Calling his last two collections I’m Not Buying any Green Bananas and Any Minute Now couldn’t have helped. I jest, of course. But having met and briefly worked with James I don’t think he would have minded (the real names of two of his last collections, after all, were Sentenced to Life and Injury Time). And though disdainful of joke-telling in the ‘did-you-hear-the-one-about’ tradition, he was a natural humorist, and a brave enough poet to indulge that disposition on the page.
But the pages where Poms like me first encountered his larrikin wit were in The Observer, for whom he was television critic through the seventies. Until then, Britain’s so-called quality press hadn’t deemed much TV worthy of critical attention; ‘watching the box’ being essentially what people who hadn’t been to university did when the pubs were shut. When James got the Observer gig, improving documentaries like Kenneth Clark’s Civilisation and classic adaptations like The Pallisers and Brideshead Revisited had begun to add some gravitas. But his genius was to write just as often, and just as incisively, about low-brow, high-rating fodder like Dallas and Sale of the Century. And in doing so he probably helped to democratize the medium in the UK as much as any commissioning editor.

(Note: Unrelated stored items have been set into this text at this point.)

definition two_transitive :: "'a set \<Rightarrow> ('a \<Rightarrow> 'a) set \<Rightarrow> bool" where
  "two_transitive S G \<longleftrightarrow> (\<forall>x\<in>S. \<forall>y\<in>S. \<forall>x'\<in>S. \<forall>y'\<in>S.
      x \<noteq> y \<longrightarrow> x' \<noteq> y' \<longrightarrow> (\<exists>g\<in>G. g x = x' \<and> g y = y'))"

definition frobenius :: "'a set \<Rightarrow> ('a \<Rightarrow> 'a) set \<Rightarrow> bool" where
  "frobenius S G \<longleftrightarrow> perm_transitive S G
     \<and> (\<exists>g\<in>G. g \<noteq> (\<lambda>x\<in>S. x) \<and> (\<exists>x\<in>S. g x = x))
     \<and> (\<forall>g\<in>G. (\<exists>x\<in>S. \<exists>y\<in>S. x \<noteq> y \<and> g x = x \<and> g y = y) \<longrightarrow> g = (\<lambda>x\<in>S. x))"

end

theory Submission
  imports Defs
begin

text \<open>Every \<open>h \<in> H \<le> \<Gamma>L\<^sub>1\<close> has the form \<open>x \<mapsto> a \<sigma>(x)\<close>, so the stabiliser \<open>H\<^sub>1\<close> of \<open>1\<close> in \<open>H\<close>
  consists of field automorphisms, and 2-transitivity makes \<open>H\<close> transitive on \<open>F\<^sup>\<times>\<close>; hence
  \<open>|H| = |H\<^sub>1| (p\<^sup>k - 1)\<close>. Each \<open>s \<in> H\<^sub>1\<close> fixes \<open>1\<close>, so \<open>x \<mapsto> x - s x\<close> is not surjective and some
  \<open>x \<mapsto> s x + v\<close> is a derangement. Two such derangements are conjugate in \<open>G\<close> only if their
  linear parts are conjugate in \<open>H\<close>, and conjugation by \<open>x \<mapsto> a \<tau>(x)\<close> fixes automorphisms because
  \<open>Aut(F)\<close> is abelian; so \<open>\<kappa>(G) \<ge> |H\<^sub>1|\<close>. If \<open>H\<^sub>1 = 1\<close>, then \<open>H\<close> is regular on \<open>F\<^sup>\<times>\<close>, the derangements
  are the nontrivial translations, and these form a single class, so \<open>\<kappa>(G) \<le> 1\<close>. Thus \<open>\<kappa>(G) = 2\<close>
  forces \<open>|H\<^sub>1| = 2\<close>; the nontrivial element of \<open>H\<^sub>1\<close> is an involutory automorphism, so \<open>F\<close> is
  2-dimensional over its fixed field and \<open>p\<^sup>k\<close> is a square.\<close>

lemma (in cring) ring_hom_cring_endo: "\<phi> \<in> ring_hom R R \<Longrightarrow> ring_hom_cring R R \<phi>"
  by (simp add: ring_hom_cring_def ring_hom_cring_axioms_def is_cring)

lemma (in field) finite_field_homs_commute:
  assumes fin: "finite (carrier R)" and f: "f \<in> ring_hom R R" and g: "g \<in> ring_hom R R"
    and x: "x \<in> carrier R"
  shows "f (g x) = g (f x)"
proof -
  interpret f: ring_hom_cring R R f using f by (rule ring_hom_cring_endo)
  interpret g: ring_hom_cring R R g using g by (rule ring_hom_cring_endo)
  obtain w where w: "w \<in> carrier R - {\<zero>}"
    and gen: "carrier R - {\<zero>} = {w [^] i | i::nat. True}"
    using finite_field_mult_group_has_gen[OF fin] by (auto simp: nat_pow_mult_of)
  have "\<phi> w \<in> carrier R - {\<zero>}" if "\<phi> \<in> ring_hom R R" for \<phi>
  proof -
    interpret \<phi>: ring_hom_cring R R \<phi> using that by (rule ring_hom_cring_endo)
    show ?thesis
      using non_trivial_field_hom_is_inj[OF that field_axioms field_axioms] w
      by (auto dest: inj_onD[where y = \<zero>])
  qed
  then obtain m n :: nat where m: "f w = w [^] m" and n: "g w = w [^] n"
    using f g gen by blast
  show ?thesis
  proof (cases "x = \<zero>")
    case False
    then obtain i :: nat where i: "x = w [^] i" using x gen by auto
    have "f (g x) = w [^] (m * (n * i))" and "g (f x) = w [^] (n * (m * i))"
      using w by (simp_all add: i m n nat_pow_pow)
    then show ?thesis by (simp add: mult.left_commute)
  qed simp
qed

lemma (in field) card_eq_square_card_fixed_points:
  assumes f: "f \<in> ring_hom R R" and invol: "\<And>x. x \<in> carrier R \<Longrightarrow> f (f x) = x"
    and t: "t \<in> carrier R" and ft: "f t \<noteq> t"
  shows "card (carrier R) = card {x \<in> carrier R. f x = x} ^ 2"
proof -
  interpret f: ring_hom_cring R R f using f by (rule ring_hom_cring_endo)
  define K where "K = {x \<in> carrier R. f x = x}"
  define s where "s = t \<ominus> f t"
  have ftc: "f t \<in> carrier R" using t by simp
  have s: "s \<in> carrier R" "s \<noteq> \<zero>" using t ft by (auto simp: s_def)
  have fs: "f s = \<ominus> s"
    using t invol[OF t] by (simp add: s_def a_minus_def minus_add a_comm)
  have "bij_betw (\<lambda>(a, b). a \<oplus> b \<otimes> t) (K \<times> K) (carrier R)"
  proof (rule bij_betw_imageI)
    show "inj_on (\<lambda>(a, b). a \<oplus> b \<otimes> t) (K \<times> K)"
    proof (rule inj_onI, clarify)
      fix a b a' b' assume "a \<in> K" "b \<in> K" "a' \<in> K" "b' \<in> K"
        and eq: "a \<oplus> b \<otimes> t = a' \<oplus> b' \<otimes> t"
      then have K: "a \<in> carrier R" "b \<in> carrier R" "a' \<in> carrier R" "b' \<in> carrier R"
        and fK: "f a = a" "f b = b" "f a' = a'" "f b' = b'" by (auto simp: K_def)
      have "f (a \<oplus> b \<otimes> t) = f (a' \<oplus> b' \<otimes> t)" using eq by simp
      then have eq': "a \<oplus> b \<otimes> f t = a' \<oplus> b' \<otimes> f t" using K fK t by simp
      have "b \<otimes> s = (a \<oplus> b \<otimes> t) \<ominus> (a \<oplus> b \<otimes> f t)"
        using K t ftc unfolding s_def by algebra
      also have "\<dots> = b' \<otimes> s"
        unfolding eq eq' using K t ftc unfolding s_def by algebra
      finally have "b = b'" using K s by (simp add: m_rcancel)
      then show "a = a' \<and> b = b'" using eq K t by simp
    qed
    show "(\<lambda>(a, b). a \<oplus> b \<otimes> t) ` (K \<times> K) = carrier R"
    proof (intro equalityI subsetI)
      show "y \<in> carrier R" if "y \<in> (\<lambda>(a, b). a \<oplus> b \<otimes> t) ` (K \<times> K)" for y
        using that t by (auto simp: K_def)
      fix x assume x: "x \<in> carrier R"
      have fxc: "f x \<in> carrier R" using x by simp
      \<comment> \<open>Applying \<open>f\<close> to \<open>x = a + b t\<close> and subtracting gives \<open>b = (x - f x) / (t - f t)\<close>.\<close>
      define b where "b = (x \<ominus> f x) \<otimes> inv s"
      define a where "a = x \<ominus> b \<otimes> t"
      have b: "b \<in> carrier R" and bs: "b \<otimes> s = x \<ominus> f x"
        using x s by (simp_all add: b_def m_assoc field_Units)
      have fbc: "f b \<in> carrier R" using b by simp
      have "f b \<otimes> s = \<ominus> f (b \<otimes> s)" using b s fs by (simp add: r_minus)
      also have "\<dots> = b \<otimes> s"
        unfolding bs using x fxc invol[OF x] by (simp add: a_minus_def minus_add a_comm)
      finally have fb: "f b = b" using fbc b s by (simp add: m_rcancel)
      have "f a = f x \<ominus> b \<otimes> f t" using x b t fb by (simp add: a_def a_minus_def)
      also have "\<dots> = (x \<ominus> (x \<ominus> f x)) \<ominus> b \<otimes> (t \<ominus> (t \<ominus> f t))"
        using x fxc b t ftc by algebra
      also have "\<dots> = (x \<ominus> b \<otimes> s) \<ominus> b \<otimes> (t \<ominus> s)" by (simp only: bs flip: s_def)
      also have "\<dots> = a" using x b t s unfolding a_def by algebra
      finally have "a \<in> K" "b \<in> K" using x b t fb by (simp_all add: K_def a_def)
      moreover have "x = a \<oplus> b \<otimes> t" using x b t unfolding a_def by algebra
      ultimately show "x \<in> (\<lambda>(a, b). a \<oplus> b \<otimes> t) ` (K \<times> K)" by force
    qed
  qed
  then have "card (carrier R) = card (K \<times> K)" by (simp add: bij_betw_same_card)
  then show ?thesis by (simp add: K_def card_cartesian_product power2_eq_square)
qed

lemma prime_power_square_imp_even_exponent:
  fixes p k m :: nat
  assumes p: "Factorial_Ring.prime p" and eq: "p ^ k = m ^ 2"
  shows "even k"
proof -
  have "m \<noteq> 0" using eq p by (metis power_not_zero prime_gt_0_nat zero_less_iff_neq_zero zero_power2)
  then have "k = 2 * multiplicity p m"
    using arg_cong[OF eq, of "multiplicity p"] p by (simp add: prime_elem_multiplicity_power_distrib)
  then show ?thesis by simp
qed

lemma BijGroup_one: "\<one>\<^bsub>BijGroup S\<^esub> = (\<lambda>x\<in>S. x)"
  by (simp add: BijGroup_def)

lemma BijGroup_mult_apply:
  "f \<in> Bij S \<Longrightarrow> g \<in> Bij S \<Longrightarrow> x \<in> S \<Longrightarrow> (f \<otimes>\<^bsub>BijGroup S\<^esub> g) x = f (g x)"
  by (simp add: BijGroup_def compose_def)

lemma Bij_eqI: "f \<in> Bij S \<Longrightarrow> g \<in> Bij S \<Longrightarrow> (\<And>x. x \<in> S \<Longrightarrow> f x = g x) \<Longrightarrow> f = g"
  by (rule extensionalityI[OF Bij_imp_extensional Bij_imp_extensional])

lemma finite_Bij:
  assumes "finite S" shows "finite (Bij S)"
proof (rule finite_subset)
  show "Bij S \<subseteq> S \<rightarrow>\<^sub>E S" by (auto simp: PiE_def Bij_imp_extensional dest: Bij_imp_funcset)
  show "finite (S \<rightarrow>\<^sub>E S)" using assms by (simp add: finite_PiE)
qed

lemma (in group) conj_class_conj_subset:
  assumes "c \<in> carrier G" "g \<in> carrier G"
  shows "conj_class G (c \<otimes> g \<otimes> inv c) \<subseteq> conj_class G g"
proof
  fix y assume "y \<in> conj_class G (c \<otimes> g \<otimes> inv c)"
  then obtain x where x: "x \<in> carrier G" and y: "y = x \<otimes> (c \<otimes> g \<otimes> inv c) \<otimes> inv x"
    unfolding conj_class_def by blast
  then have "y = (x \<otimes> c) \<otimes> g \<otimes> inv (x \<otimes> c)" using assms by (simp add: inv_mult_group m_assoc)
  then show "y \<in> conj_class G g" unfolding conj_class_def using x assms by blast
qed

lemma (in group) conj_class_conj:
  assumes c: "c \<in> carrier G" and g: "g \<in> carrier G"
  shows "conj_class G (c \<otimes> g \<otimes> inv c) = conj_class G g"
proof
  have "g = inv c \<otimes> (c \<otimes> g \<otimes> inv c) \<otimes> inv (inv c)"
    using c g by (metis inv_closed inv_inv l_inv l_one m_assoc m_closed r_one)
  then show "conj_class G g \<subseteq> conj_class G (c \<otimes> g \<otimes> inv c)"
    using conj_class_conj_subset[of "inv c" "c \<otimes> g \<otimes> inv c"] c g by simp
qed (rule conj_class_conj_subset[OF c g])

lemma (in group) conj_class_self: "g \<in> carrier G \<Longrightarrow> g \<in> conj_class G g"
  unfolding conj_class_def by (rule CollectI, rule exI[of _ \<one>]) simp

lemma gammaL1_E:
  assumes "h \<in> gammaL1 R"
  obtains a \<phi> where "a \<in> carrier R" "a \<noteq> \<zero>\<^bsub>R\<^esub>" "\<phi> \<in> ring_iso R R"
    "h = (\<lambda>x\<in>carrier R. a \<otimes>\<^bsub>R\<^esub> \<phi> x)"
  using assms unfolding gammaL1_def by blast

context cring
begin

lemma gammaL1_zero: "h \<in> gammaL1 R \<Longrightarrow> h \<zero> = \<zero>"
  by (elim gammaL1_E) (simp add: ring_iso_def ring_hom_cring.hom_zero[OF ring_hom_cring_endo])

lemma gammaL1_add:
  assumes "h \<in> gammaL1 R" "x \<in> carrier R" "y \<in> carrier R"
  shows "h (x \<oplus> y) = h x \<oplus> h y"
proof -
  obtain a \<phi> where "a \<in> carrier R" "\<phi> \<in> ring_hom R R" "h = (\<lambda>x\<in>carrier R. a \<otimes> \<phi> x)"
    using assms(1) by (elim gammaL1_E) (auto simp: ring_iso_def)
  then show ?thesis using assms(2,3) by (simp add: ring_hom_add ring_hom_closed r_distr)
qed

lemma gammaL1_minus:
  assumes "h \<in> gammaL1 R" "x \<in> carrier R" "y \<in> carrier R"
  shows "h (x \<ominus> y) = h x \<ominus> h y"
proof -
  obtain a \<phi> where a: "a \<in> carrier R" and \<phi>: "\<phi> \<in> ring_hom R R"
    and h: "h = (\<lambda>x\<in>carrier R. a \<otimes> \<phi> x)"
    using assms(1) by (elim gammaL1_E) (auto simp: ring_iso_def)
  interpret \<phi>: ring_hom_cring R R \<phi> using \<phi> by (rule ring_hom_cring_endo)
  show ?thesis using a assms(2,3) by (simp add: h a_minus_def r_distr r_minus)
qed

lemma gammaL1_fixing_one:
  assumes "h \<in> gammaL1 R" "h \<one> = \<one>"
  obtains \<phi> where "\<phi> \<in> ring_iso R R" "\<And>x. x \<in> carrier R \<Longrightarrow> h x = \<phi> x"
proof -
  obtain a \<phi> where a: "a \<in> carrier R" and \<phi>: "\<phi> \<in> ring_iso R R"
    and h: "h = (\<lambda>x\<in>carrier R. a \<otimes> \<phi> x)"
    using assms(1) by (elim gammaL1_E)
  have \<phi>h: "\<phi> \<in> ring_hom R R" using \<phi> by (simp add: ring_iso_def)
  have "a = \<one>" using assms(2) a by (simp add: h ring_hom_one[OF \<phi>h])
  then show ?thesis using that \<phi> by (simp add: h ring_hom_closed[OF \<phi>h])
qed

end

text \<open>Writing \<open>k = a \<tau>\<close>, the hypothesis at \<open>x = 1\<close> gives \<open>\<phi>\<^sub>2 a = a\<close>, hence \<open>\<tau> \<phi>\<^sub>1 = \<phi>\<^sub>2 \<tau>\<close>;
  as \<open>Aut(F)\<close> is abelian this is \<open>\<phi>\<^sub>1 \<tau> = \<phi>\<^sub>2 \<tau>\<close>, and \<open>\<tau>\<close> is onto.\<close>
lemma (in field) gammaL1_conj_automorphism_eq:
  assumes fin: "finite (carrier R)" and k: "k \<in> gammaL1 R"
    and \<phi>1: "\<phi>1 \<in> ring_hom R R" and \<phi>2: "\<phi>2 \<in> ring_hom R R"
    and conj: "\<And>x. x \<in> carrier R \<Longrightarrow> k (\<phi>1 x) = \<phi>2 (k x)"
    and y: "y \<in> carrier R"
  shows "\<phi>1 y = \<phi>2 y"
proof -
  obtain a \<tau> where a: "a \<in> carrier R" "a \<noteq> \<zero>" and \<tau>: "\<tau> \<in> ring_iso R R"
    and k_def: "k = (\<lambda>x\<in>carrier R. a \<otimes> \<tau> x)"
    using k by (elim gammaL1_E)
  have \<tau>h: "\<tau> \<in> ring_hom R R" using \<tau> by (simp add: ring_iso_def)
  interpret \<phi>1: ring_hom_cring R R \<phi>1 using \<phi>1 by (rule ring_hom_cring_endo)
  interpret \<phi>2: ring_hom_cring R R \<phi>2 using \<phi>2 by (rule ring_hom_cring_endo)
  interpret \<tau>: ring_hom_cring R R \<tau> using \<tau>h by (rule ring_hom_cring_endo)
  have \<phi>2a: "\<phi>2 a = a" using conj[of \<one>] a by (simp add: k_def)
  obtain x where x: "x \<in> carrier R" "y = \<tau> x"
    using \<tau> y by (auto simp: ring_iso_def bij_betw_def)
  have "a \<otimes> \<tau> (\<phi>1 x) = a \<otimes> \<phi>2 (\<tau> x)" using conj[OF x(1)] x(1) a \<phi>2a by (simp add: k_def)
  then have "\<tau> (\<phi>1 x) = \<phi>2 (\<tau> x)" using a x(1) by (simp add: m_lcancel)
  then show ?thesis using finite_field_homs_commute[OF fin \<phi>1 \<tau>h x(1)] x(2) by simp
qed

Indeed, his Observer column was so popular that he himself soon became a familiar face on what he’d dubbed ‘the crystal bucket’. And was so good on camera that when I was briefed to write The Observer’s TV ads, I immediately asked if Clive would appear in them. The editor, the great Donald Trelford, thought that most unlikely, but to everyone’s surprise Clive agreed, and even offered to co-write the scripts. The campaign we came up with, sipping earl grey tea in his groovy Barbican pied-a-terre, was simple enough. Each ad would open on him standing in a white set in his trademark crumpled suit and tie, then have him deliver a dreadful pun, or participate in some hopelessly contrived sight gag, at the conclusion of which he would look into the camera with Oliver Hardy-style despair as the voiceover delivered the strapline: ‘The Observer. It’s a lot better written than its advertising’. Everyone liked the scripts, and thought the campaign might even pick up a few prizes, so to thank Clive for his cooperation my boss invited him to a slap-up lunch a week or so prior to the shoot. He arrived with his agent, and was very funny, and everything went well until the agent left, whereupon Clive stopped covering his glass with his hand when the wine waiter approached, and proceeded to be even funnier. Several hours later, swaying slightly on a Mayfair corner, he asked me and my art director to accompany him to Groucho’s to finish the job. We declined, but I promised I’d see him the following afternoon to finalise production details. I never saw him again – in the flesh, at least – and those ads were never produced. Because late the next morning the suit on the account interrupted my hangover to tell me he’d just had a very icy call from Clive’s agent telling him that Clive had decided not to be involved in the campaign after all. She added that prior to meeting ‘the young copywriter’, her star client hadn’t had a drink in five years.
No Australian has worked harder, and on more fronts, than Clive James did to disburden himself of the cultural cringe. But while the quest for old world intellectual approval certainly took the boy a long way out of Kogarah, it never quite took every last trace of Kogarah out of the boy.